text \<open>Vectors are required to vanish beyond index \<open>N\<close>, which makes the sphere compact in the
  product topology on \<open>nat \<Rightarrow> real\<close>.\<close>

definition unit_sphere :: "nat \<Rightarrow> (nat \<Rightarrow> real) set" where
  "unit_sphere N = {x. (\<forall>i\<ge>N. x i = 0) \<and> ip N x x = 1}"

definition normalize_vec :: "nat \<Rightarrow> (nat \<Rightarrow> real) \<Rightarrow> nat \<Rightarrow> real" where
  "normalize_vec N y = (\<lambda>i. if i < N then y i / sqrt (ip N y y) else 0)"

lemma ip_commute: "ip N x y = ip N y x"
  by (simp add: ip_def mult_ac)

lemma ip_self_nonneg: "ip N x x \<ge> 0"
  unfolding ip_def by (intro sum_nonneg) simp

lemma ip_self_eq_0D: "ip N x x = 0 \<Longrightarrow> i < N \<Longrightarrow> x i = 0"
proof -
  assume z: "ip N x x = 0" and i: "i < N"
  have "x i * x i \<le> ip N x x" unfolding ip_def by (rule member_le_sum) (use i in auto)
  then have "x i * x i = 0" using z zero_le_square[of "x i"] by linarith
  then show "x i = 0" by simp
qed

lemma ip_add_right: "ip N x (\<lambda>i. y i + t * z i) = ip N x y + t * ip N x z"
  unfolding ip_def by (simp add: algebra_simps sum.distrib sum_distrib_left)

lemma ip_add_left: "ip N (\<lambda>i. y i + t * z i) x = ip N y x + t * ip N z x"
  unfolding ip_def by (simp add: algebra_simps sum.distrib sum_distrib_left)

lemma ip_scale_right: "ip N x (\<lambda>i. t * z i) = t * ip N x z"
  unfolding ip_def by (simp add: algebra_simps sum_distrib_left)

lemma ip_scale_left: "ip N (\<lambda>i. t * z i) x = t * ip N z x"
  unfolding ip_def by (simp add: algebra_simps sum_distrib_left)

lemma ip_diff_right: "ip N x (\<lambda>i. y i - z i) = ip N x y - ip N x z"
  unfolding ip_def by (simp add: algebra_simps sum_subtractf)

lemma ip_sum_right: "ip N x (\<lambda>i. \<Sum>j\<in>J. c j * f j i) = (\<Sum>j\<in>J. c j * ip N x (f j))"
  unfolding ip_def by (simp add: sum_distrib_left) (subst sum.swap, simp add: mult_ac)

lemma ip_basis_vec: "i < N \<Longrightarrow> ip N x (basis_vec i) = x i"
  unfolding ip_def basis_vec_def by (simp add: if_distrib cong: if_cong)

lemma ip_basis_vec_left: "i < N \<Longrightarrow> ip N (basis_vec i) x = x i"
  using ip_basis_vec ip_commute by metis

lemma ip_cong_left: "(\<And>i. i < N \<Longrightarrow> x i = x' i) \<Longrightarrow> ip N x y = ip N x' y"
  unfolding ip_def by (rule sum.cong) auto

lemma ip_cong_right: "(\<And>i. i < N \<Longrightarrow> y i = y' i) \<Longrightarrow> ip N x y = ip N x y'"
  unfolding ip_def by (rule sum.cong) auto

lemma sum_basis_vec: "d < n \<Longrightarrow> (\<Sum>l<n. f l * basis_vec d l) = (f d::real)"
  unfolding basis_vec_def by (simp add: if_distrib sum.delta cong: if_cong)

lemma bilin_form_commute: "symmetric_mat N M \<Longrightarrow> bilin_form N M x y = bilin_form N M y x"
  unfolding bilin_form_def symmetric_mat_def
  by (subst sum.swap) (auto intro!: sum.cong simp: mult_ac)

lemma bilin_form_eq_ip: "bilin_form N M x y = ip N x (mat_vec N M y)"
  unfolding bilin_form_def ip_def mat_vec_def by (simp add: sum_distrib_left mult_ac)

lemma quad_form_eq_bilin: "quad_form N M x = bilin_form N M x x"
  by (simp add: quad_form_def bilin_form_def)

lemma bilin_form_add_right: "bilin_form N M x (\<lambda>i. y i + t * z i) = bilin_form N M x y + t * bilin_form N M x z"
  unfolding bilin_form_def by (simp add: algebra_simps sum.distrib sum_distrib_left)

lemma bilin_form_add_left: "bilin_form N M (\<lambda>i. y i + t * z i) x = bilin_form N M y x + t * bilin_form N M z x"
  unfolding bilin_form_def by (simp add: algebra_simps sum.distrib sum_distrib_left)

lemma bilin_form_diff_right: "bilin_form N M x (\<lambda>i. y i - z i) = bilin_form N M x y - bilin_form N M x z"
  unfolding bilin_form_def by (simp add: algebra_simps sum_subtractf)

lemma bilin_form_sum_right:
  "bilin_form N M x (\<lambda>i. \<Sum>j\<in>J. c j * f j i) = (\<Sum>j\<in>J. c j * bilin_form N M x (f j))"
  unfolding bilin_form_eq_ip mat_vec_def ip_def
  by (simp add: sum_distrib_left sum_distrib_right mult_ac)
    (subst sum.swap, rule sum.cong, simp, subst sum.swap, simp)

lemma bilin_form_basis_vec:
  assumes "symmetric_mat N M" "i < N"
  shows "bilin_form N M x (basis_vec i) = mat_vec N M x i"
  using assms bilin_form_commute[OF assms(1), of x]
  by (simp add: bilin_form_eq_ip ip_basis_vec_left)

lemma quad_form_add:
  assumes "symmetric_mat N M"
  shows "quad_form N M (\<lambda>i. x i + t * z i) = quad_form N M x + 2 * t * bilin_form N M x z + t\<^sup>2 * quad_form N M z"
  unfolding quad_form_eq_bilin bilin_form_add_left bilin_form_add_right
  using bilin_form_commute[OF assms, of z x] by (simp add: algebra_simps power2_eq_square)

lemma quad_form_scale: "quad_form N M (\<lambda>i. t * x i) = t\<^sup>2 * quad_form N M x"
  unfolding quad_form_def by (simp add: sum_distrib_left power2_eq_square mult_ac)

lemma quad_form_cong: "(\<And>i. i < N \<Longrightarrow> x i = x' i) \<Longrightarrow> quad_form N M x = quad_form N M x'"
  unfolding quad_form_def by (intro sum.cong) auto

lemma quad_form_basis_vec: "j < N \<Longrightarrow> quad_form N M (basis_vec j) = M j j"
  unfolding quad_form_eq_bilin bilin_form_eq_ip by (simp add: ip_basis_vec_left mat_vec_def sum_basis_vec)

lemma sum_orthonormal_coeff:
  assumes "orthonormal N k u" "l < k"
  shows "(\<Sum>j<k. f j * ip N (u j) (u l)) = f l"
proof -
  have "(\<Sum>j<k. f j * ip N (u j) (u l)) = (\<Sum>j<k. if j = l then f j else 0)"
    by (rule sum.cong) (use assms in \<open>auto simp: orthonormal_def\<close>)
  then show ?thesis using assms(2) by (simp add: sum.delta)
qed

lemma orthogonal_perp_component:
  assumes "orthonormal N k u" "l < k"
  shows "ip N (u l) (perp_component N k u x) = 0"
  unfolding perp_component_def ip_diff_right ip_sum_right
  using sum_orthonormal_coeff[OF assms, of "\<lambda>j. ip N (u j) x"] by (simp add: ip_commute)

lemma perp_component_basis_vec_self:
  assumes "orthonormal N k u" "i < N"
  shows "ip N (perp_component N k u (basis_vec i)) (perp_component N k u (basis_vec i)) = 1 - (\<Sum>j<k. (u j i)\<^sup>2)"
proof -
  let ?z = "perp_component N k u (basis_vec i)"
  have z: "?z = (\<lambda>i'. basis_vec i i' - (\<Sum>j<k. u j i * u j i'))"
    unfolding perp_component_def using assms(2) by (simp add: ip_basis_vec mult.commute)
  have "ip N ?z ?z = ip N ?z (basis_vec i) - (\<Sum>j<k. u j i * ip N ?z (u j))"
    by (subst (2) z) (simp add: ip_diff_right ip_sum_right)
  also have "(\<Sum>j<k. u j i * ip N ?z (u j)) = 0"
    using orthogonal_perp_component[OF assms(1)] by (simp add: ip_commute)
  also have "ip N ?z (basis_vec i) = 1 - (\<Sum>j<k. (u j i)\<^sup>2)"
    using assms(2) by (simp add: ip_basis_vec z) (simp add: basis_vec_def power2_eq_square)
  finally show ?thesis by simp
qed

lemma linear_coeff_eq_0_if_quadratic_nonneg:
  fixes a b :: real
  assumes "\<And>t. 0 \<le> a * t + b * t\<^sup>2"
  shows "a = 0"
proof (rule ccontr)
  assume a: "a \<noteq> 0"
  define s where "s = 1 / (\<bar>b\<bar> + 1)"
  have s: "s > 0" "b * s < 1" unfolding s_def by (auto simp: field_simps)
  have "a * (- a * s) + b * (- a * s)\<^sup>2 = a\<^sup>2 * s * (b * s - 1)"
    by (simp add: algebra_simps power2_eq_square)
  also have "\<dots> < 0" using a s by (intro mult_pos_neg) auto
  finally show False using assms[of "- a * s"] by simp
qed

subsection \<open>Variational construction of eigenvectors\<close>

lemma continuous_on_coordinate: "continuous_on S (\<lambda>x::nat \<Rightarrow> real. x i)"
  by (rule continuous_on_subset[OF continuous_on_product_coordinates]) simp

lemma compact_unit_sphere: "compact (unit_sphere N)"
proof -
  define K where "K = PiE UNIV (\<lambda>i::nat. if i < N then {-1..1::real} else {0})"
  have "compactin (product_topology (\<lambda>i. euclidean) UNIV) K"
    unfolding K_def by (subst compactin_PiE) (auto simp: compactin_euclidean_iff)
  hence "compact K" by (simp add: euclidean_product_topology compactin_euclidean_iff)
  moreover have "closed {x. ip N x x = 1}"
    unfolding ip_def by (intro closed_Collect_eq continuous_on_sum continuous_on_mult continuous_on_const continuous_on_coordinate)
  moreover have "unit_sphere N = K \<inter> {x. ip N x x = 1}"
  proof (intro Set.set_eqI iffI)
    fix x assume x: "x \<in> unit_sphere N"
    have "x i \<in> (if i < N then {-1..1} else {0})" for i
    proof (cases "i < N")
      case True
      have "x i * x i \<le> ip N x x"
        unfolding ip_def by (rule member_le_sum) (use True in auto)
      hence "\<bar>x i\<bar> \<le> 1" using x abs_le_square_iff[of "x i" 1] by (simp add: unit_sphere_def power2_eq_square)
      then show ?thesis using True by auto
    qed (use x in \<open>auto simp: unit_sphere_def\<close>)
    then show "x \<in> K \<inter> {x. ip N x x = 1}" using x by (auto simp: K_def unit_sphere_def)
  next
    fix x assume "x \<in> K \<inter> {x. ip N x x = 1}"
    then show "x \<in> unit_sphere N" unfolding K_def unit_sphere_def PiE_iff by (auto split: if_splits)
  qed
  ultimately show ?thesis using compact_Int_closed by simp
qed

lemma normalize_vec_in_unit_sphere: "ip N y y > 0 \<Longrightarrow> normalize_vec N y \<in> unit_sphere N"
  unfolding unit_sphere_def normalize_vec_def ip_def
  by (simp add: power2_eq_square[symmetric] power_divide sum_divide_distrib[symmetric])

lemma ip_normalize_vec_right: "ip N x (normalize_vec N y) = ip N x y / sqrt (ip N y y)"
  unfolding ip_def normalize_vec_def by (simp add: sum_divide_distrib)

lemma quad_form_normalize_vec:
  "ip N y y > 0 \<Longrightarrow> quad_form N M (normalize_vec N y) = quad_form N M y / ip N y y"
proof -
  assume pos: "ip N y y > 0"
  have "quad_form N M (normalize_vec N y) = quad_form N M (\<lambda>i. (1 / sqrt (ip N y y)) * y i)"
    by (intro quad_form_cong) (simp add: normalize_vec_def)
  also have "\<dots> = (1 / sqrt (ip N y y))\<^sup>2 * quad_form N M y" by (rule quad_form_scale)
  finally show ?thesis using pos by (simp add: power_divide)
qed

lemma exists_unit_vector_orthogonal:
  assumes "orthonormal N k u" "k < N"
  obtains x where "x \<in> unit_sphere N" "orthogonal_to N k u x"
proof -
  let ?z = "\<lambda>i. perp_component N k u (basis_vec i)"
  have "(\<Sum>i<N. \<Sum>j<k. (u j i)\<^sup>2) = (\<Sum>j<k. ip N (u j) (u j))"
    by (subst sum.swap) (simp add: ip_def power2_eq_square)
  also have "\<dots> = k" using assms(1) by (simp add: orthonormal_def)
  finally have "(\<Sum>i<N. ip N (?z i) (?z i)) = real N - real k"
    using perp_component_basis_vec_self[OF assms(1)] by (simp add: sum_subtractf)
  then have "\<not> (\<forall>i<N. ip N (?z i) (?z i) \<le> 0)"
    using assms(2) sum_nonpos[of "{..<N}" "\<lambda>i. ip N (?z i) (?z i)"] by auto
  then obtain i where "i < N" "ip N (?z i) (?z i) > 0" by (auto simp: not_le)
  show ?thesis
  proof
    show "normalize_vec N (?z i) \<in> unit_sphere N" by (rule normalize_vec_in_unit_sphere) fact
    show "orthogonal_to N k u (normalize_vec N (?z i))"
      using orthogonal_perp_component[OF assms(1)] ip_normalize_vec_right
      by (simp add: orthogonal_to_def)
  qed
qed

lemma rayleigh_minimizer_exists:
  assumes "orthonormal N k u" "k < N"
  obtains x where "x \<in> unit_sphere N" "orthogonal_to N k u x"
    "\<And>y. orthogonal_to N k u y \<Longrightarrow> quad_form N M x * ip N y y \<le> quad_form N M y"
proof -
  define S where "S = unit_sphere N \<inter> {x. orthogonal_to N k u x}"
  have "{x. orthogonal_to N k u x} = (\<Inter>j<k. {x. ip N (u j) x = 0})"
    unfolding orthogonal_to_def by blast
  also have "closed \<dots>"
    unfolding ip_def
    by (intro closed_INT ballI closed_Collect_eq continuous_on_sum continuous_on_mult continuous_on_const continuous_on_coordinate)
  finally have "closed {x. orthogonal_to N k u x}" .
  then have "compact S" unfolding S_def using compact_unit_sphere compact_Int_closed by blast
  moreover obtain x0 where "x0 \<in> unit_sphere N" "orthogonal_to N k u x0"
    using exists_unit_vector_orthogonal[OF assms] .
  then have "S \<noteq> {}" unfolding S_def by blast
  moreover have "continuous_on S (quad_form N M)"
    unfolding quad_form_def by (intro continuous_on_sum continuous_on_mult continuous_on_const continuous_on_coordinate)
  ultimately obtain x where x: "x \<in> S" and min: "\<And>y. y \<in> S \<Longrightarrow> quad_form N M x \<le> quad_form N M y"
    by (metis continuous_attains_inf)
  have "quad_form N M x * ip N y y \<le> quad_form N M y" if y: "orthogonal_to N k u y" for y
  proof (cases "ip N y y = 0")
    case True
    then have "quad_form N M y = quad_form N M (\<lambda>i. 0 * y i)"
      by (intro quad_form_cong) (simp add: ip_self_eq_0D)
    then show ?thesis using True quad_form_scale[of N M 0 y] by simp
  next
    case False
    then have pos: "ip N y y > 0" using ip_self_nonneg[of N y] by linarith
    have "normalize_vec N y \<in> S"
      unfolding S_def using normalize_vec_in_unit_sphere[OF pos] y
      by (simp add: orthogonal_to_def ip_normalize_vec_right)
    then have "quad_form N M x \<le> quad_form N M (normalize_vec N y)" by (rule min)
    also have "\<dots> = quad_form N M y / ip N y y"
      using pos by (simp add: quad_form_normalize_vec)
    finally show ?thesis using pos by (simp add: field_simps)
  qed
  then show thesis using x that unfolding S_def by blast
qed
########################################
▶ [Work to be completed]:
Your reply should hold only the lines from the first line of the records through the one with "x (\<lambda>i. t", reproduced word for word.

▶ [Response]:
text \<open>Vectors are required to vanish beyond index \<open>N\<close>, which makes the sphere compact in the
  product topology on \<open>nat \<Rightarrow> real\<close>.\<close>

definition unit_sphere :: "nat \<Rightarrow> (nat \<Rightarrow> real) set" where
  "unit_sphere N = {x. (\<forall>i\<ge>N. x i = 0) \<and> ip N x x = 1}"

definition normalize_vec :: "nat \<Rightarrow> (nat \<Rightarrow> real) \<Rightarrow> nat \<Rightarrow> real" where
  "normalize_vec N y = (\<lambda>i. if i < N then y i / sqrt (ip N y y) else 0)"

lemma ip_commute: "ip N x y = ip N y x"
  by (simp add: ip_def mult_ac)

lemma ip_self_nonneg: "ip N x x \<ge> 0"
  unfolding ip_def by (intro sum_nonneg) simp

lemma ip_self_eq_0D: "ip N x x = 0 \<Longrightarrow> i < N \<Longrightarrow> x i = 0"
proof -
  assume z: "ip N x x = 0" and i: "i < N"
  have "x i * x i \<le> ip N x x" unfolding ip_def by (rule member_le_sum) (use i in auto)
  then have "x i * x i = 0" using z zero_le_square[of "x i"] by linarith
  then show "x i = 0" by simp
qed

lemma ip_add_right: "ip N x (\<lambda>i. y i + t * z i) = ip N x y + t * ip N x z"
  unfolding ip_def by (simp add: algebra_simps sum.distrib sum_distrib_left)

lemma ip_add_left: "ip N (\<lambda>i. y i + t * z i) x = ip N y x + t * ip N z x"
  unfolding ip_def by (simp add: algebra_simps sum.distrib sum_distrib_left)

lemma ip_scale_right: "ip N x (\<lambda>i. t * z i) = t * ip N x z"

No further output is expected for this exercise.